Assignment =
Look through the material for lines with the word "ultimately", and copy each one.

------------

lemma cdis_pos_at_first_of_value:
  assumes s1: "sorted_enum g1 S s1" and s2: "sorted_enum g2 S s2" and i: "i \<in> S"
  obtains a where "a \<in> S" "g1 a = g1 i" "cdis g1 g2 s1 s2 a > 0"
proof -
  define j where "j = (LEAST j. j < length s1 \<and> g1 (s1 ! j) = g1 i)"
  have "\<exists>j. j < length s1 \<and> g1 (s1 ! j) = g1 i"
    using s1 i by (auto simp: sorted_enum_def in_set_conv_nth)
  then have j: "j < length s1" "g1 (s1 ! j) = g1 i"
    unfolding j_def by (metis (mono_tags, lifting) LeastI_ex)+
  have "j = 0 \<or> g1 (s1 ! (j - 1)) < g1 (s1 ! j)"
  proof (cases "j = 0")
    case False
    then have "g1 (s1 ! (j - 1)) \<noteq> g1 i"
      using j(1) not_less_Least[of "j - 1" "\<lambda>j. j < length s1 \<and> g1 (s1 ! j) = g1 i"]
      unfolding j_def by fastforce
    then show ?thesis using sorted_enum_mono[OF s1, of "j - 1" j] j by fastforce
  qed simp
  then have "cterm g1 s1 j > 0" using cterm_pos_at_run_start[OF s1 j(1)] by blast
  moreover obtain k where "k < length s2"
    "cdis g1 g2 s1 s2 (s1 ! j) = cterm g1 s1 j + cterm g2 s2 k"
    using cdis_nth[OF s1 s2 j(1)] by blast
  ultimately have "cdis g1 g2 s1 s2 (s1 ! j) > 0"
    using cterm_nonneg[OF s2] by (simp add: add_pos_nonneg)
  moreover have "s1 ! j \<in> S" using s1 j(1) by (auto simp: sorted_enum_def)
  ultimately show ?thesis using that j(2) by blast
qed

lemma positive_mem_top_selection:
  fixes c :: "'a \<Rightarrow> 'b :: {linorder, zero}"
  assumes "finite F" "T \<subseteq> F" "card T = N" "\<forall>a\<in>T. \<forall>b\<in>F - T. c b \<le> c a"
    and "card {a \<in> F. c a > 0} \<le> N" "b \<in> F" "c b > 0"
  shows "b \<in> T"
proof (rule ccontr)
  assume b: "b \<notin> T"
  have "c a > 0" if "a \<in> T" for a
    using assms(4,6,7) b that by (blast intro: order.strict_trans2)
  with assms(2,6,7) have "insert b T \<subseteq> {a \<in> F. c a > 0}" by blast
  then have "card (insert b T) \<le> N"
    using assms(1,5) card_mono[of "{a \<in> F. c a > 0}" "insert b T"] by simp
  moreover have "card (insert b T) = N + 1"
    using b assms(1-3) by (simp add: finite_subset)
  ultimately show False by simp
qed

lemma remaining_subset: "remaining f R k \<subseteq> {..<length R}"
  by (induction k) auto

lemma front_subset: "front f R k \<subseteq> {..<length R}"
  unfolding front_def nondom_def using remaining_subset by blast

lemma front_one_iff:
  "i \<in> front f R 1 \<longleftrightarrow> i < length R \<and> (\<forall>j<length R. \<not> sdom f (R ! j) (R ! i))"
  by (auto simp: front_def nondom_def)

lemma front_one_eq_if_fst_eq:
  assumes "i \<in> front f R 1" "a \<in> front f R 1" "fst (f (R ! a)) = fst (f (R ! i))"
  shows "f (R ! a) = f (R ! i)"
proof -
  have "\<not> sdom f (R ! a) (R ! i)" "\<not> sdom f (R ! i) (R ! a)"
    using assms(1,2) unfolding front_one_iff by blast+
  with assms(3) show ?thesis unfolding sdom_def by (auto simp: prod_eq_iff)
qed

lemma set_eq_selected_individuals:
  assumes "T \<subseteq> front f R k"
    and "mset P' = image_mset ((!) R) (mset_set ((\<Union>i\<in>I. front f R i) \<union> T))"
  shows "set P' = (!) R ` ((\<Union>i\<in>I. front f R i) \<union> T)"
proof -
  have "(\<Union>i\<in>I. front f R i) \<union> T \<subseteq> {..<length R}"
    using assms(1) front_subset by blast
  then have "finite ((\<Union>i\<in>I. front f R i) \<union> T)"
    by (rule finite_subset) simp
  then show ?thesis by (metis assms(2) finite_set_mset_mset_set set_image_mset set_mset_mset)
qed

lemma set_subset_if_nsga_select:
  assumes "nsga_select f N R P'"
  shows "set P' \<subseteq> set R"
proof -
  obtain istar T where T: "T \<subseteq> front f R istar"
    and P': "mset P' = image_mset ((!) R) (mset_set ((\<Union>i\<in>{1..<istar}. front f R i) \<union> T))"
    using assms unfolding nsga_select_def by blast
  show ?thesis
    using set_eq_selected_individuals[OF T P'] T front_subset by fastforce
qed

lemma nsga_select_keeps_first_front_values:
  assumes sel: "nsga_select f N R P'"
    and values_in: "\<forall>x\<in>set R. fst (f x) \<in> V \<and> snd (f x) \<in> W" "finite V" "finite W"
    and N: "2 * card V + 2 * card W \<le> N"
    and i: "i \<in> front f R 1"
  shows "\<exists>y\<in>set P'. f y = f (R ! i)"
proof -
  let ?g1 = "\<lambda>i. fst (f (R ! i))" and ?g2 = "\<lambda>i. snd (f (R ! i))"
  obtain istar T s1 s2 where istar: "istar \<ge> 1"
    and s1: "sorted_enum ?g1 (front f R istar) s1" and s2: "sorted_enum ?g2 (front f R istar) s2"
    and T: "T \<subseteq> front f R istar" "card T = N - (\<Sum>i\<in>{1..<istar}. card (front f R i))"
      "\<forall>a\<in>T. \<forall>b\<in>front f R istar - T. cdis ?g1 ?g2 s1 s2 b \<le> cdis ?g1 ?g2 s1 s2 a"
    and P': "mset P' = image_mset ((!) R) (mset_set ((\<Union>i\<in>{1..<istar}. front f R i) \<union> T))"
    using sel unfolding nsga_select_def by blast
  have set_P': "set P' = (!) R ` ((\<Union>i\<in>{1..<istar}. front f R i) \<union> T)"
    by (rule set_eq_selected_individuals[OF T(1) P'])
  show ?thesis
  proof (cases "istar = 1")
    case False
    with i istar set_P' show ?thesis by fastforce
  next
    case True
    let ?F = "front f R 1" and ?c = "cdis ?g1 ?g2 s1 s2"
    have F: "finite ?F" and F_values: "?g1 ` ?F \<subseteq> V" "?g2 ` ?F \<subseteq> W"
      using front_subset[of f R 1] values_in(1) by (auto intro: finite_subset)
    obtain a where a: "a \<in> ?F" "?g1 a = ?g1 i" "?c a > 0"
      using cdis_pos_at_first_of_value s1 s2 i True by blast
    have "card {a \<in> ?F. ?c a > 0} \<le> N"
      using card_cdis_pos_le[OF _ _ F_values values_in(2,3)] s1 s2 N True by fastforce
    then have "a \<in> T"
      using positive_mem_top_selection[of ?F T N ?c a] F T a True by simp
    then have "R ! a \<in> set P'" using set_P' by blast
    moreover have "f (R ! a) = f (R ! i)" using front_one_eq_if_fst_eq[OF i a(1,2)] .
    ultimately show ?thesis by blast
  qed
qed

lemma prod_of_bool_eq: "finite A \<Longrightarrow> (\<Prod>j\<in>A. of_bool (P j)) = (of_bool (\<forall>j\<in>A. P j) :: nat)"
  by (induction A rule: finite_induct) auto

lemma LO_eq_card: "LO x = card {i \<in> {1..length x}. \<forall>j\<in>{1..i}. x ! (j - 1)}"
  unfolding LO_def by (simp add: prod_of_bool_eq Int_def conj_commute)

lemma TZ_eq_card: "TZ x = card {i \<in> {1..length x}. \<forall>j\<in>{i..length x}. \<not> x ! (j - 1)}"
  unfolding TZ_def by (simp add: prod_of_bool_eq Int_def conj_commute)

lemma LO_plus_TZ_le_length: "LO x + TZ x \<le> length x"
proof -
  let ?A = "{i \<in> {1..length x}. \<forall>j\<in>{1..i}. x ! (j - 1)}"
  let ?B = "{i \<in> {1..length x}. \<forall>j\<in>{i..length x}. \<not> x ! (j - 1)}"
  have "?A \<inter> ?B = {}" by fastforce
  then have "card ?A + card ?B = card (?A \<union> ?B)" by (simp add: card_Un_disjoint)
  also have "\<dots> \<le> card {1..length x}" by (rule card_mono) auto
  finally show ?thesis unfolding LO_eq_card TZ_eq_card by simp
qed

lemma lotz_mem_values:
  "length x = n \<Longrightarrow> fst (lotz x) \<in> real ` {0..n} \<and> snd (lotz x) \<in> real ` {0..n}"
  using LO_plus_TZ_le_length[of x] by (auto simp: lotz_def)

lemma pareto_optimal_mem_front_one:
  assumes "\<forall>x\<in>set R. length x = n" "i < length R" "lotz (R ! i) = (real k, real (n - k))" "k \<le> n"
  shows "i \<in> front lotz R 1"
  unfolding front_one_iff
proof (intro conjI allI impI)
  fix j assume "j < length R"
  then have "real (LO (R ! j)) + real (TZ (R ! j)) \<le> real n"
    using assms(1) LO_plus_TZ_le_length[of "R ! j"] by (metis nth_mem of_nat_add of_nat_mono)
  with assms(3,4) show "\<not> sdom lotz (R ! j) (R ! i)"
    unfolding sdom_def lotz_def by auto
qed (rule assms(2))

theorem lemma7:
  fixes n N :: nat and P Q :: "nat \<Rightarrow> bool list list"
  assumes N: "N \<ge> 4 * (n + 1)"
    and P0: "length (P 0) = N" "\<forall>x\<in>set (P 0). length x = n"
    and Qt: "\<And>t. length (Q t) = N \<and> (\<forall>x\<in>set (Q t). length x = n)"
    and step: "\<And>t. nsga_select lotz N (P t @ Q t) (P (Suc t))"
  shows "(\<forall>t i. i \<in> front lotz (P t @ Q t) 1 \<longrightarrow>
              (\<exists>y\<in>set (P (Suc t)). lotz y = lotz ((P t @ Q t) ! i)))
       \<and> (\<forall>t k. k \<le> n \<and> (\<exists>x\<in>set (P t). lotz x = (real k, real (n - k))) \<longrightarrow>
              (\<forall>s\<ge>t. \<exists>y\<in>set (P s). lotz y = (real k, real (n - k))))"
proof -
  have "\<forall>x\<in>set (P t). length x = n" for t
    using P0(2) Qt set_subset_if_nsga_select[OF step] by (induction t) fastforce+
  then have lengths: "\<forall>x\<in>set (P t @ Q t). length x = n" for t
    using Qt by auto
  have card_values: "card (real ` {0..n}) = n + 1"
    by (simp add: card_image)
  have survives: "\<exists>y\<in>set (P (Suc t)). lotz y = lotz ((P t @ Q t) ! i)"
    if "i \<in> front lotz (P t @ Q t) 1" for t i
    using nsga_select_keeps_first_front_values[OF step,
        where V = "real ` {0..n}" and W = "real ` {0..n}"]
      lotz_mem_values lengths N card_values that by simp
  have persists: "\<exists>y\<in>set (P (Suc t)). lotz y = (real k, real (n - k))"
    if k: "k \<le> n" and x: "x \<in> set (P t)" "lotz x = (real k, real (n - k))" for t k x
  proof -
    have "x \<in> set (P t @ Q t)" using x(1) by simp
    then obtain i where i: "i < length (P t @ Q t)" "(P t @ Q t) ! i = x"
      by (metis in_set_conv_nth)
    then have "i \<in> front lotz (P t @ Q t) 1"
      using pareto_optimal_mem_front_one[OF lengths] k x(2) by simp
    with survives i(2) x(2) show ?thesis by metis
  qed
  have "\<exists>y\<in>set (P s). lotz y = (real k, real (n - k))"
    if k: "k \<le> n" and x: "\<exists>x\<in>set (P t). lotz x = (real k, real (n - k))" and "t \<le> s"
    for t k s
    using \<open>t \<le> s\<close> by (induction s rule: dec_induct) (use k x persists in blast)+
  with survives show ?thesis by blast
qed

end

------------

Reply to the task =
  ultimately have "cdis g1 g2 s1 s2 (s1 ! j) > 0"
  ultimately show ?thesis using that j(2) by blast
  ultimately show False by simp
    ultimately show ?thesis by blast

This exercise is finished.